**ACTIVITY**
Please go line by line through the material and copy each one containing the word "lemma".

**MATERIAL TO PROCESS**
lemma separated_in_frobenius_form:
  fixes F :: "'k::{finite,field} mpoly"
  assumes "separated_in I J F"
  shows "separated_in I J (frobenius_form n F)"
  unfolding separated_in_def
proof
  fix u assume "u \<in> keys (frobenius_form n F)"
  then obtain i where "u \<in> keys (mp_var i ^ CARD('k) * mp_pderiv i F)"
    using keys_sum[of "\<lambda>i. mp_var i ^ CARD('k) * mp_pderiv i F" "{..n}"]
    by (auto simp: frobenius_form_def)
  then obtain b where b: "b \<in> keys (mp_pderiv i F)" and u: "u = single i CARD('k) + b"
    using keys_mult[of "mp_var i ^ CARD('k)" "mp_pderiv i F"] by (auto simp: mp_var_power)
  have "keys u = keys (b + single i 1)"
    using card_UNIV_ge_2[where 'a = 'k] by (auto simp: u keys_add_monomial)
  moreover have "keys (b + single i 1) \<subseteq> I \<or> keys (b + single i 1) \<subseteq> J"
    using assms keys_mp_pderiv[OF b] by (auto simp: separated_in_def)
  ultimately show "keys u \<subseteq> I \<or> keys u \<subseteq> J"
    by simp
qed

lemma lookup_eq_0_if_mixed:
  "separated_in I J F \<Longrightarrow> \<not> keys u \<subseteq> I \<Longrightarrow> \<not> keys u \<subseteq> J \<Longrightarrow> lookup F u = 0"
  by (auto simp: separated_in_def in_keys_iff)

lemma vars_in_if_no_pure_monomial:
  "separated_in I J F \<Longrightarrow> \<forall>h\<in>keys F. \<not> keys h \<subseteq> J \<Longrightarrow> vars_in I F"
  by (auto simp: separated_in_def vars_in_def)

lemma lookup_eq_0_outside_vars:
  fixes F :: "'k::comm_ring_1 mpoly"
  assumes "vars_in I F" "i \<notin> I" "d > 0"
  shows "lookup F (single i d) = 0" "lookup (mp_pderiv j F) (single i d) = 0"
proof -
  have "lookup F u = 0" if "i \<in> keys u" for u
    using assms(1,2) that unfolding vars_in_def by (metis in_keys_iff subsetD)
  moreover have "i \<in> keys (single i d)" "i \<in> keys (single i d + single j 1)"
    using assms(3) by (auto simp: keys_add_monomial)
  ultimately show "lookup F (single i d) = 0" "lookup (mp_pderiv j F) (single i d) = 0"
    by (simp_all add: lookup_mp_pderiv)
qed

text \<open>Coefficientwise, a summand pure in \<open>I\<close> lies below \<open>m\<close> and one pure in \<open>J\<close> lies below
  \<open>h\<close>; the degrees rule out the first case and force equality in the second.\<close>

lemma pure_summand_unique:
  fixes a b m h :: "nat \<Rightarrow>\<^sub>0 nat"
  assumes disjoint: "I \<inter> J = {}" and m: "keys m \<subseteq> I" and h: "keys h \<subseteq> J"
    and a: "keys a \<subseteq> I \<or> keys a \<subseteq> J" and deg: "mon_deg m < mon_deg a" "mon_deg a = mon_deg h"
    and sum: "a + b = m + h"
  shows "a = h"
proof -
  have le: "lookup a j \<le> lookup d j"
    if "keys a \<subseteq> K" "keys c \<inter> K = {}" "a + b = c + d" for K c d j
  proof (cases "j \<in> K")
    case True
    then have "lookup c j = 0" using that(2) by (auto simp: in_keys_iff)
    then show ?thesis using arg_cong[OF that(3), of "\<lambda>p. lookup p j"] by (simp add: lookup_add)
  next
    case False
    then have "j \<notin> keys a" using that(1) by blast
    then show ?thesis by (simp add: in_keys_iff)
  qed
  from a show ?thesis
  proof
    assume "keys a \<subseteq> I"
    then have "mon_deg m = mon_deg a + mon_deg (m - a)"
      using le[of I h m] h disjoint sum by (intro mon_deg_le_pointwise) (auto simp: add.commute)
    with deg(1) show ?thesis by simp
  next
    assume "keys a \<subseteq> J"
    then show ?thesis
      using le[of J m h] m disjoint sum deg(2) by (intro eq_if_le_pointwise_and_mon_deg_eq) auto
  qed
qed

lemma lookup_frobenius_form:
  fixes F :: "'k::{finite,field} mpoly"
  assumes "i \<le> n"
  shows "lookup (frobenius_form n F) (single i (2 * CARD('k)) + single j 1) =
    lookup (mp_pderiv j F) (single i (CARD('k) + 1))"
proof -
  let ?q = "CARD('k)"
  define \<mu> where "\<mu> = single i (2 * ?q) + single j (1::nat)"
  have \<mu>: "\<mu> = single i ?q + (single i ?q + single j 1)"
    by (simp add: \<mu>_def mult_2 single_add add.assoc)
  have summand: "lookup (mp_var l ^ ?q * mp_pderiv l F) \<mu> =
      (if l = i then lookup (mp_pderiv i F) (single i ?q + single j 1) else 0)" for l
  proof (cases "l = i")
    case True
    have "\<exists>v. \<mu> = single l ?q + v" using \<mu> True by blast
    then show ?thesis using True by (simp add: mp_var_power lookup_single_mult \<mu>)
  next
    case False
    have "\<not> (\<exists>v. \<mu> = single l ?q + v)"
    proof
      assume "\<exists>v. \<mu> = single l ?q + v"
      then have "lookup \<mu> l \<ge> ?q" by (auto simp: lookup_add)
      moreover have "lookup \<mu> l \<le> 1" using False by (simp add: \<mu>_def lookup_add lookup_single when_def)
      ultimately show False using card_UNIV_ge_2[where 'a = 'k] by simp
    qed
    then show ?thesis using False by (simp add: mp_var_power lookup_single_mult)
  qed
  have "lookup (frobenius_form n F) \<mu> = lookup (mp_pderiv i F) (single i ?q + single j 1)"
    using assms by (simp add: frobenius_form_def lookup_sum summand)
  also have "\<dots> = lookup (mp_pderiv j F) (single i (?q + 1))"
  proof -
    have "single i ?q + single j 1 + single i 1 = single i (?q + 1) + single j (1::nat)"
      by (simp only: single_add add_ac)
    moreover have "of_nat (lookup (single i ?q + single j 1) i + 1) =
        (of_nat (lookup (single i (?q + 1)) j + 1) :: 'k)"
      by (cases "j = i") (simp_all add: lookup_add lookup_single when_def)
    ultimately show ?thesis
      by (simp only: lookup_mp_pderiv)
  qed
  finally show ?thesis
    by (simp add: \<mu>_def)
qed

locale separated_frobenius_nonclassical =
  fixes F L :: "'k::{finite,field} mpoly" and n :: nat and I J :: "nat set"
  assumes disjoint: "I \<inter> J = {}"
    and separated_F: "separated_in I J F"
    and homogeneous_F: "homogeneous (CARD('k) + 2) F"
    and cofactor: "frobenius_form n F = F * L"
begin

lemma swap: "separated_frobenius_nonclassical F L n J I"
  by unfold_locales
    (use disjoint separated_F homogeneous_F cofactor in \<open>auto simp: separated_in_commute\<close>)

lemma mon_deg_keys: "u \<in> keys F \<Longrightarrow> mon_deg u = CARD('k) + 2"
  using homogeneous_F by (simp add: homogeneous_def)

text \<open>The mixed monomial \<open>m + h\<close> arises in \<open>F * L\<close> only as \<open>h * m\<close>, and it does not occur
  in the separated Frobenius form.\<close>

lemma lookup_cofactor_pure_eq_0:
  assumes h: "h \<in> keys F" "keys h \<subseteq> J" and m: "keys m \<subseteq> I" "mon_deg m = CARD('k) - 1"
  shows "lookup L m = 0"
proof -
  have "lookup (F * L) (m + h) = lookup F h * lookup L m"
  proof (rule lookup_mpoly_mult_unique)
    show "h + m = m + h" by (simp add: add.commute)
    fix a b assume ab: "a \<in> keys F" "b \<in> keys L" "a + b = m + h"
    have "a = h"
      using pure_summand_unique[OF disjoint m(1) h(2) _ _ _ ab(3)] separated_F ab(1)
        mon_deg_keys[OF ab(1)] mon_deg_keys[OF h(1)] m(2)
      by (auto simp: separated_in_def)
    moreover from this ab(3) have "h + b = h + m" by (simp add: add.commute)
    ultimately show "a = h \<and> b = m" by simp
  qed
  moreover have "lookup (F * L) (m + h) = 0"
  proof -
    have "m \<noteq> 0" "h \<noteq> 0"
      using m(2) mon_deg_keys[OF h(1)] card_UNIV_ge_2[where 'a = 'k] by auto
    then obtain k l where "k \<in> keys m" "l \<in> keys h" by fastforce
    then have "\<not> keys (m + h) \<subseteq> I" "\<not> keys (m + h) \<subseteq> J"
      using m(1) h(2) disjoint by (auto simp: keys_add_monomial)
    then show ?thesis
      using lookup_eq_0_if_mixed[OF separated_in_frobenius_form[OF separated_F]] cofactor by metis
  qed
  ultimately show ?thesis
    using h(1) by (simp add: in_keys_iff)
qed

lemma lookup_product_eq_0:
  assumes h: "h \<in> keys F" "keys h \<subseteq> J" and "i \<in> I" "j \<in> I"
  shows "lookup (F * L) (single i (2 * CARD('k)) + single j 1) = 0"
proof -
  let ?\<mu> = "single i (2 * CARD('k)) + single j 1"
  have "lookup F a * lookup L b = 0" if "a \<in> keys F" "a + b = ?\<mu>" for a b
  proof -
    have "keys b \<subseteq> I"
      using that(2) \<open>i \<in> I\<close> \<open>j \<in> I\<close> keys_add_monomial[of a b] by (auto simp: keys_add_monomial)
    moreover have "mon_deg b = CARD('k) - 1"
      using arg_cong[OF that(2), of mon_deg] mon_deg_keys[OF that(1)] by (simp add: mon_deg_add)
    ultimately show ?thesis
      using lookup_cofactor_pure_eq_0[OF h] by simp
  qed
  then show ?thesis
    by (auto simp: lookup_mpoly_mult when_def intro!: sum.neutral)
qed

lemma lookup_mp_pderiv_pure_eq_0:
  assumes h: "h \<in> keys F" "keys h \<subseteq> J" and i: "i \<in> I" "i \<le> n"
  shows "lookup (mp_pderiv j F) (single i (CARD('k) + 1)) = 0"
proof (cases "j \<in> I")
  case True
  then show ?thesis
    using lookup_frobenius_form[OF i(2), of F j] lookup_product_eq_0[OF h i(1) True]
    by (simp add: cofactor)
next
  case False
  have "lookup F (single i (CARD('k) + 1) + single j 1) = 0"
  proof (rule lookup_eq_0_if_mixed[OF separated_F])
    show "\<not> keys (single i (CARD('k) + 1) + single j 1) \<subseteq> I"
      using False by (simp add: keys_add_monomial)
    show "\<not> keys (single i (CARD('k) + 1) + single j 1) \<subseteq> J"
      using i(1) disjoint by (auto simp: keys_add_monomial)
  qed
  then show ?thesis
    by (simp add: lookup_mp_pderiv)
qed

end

**RESPONSE AREA**
lemma separated_in_frobenius_form:
lemma lookup_eq_0_if_mixed:
lemma vars_in_if_no_pure_monomial:
lemma lookup_eq_0_outside_vars:
lemma pure_summand_unique:
lemma lookup_frobenius_form:
lemma swap: "separated_frobenius_nonclassical F L n J I"
lemma mon_deg_keys: "u \<in> keys F \<Longrightarrow> mon_deg u = CARD('k) + 2"
lemma lookup_cofactor_pure_eq_0:
lemma lookup_product_eq_0:
lemma lookup_mp_pderiv_pure_eq_0:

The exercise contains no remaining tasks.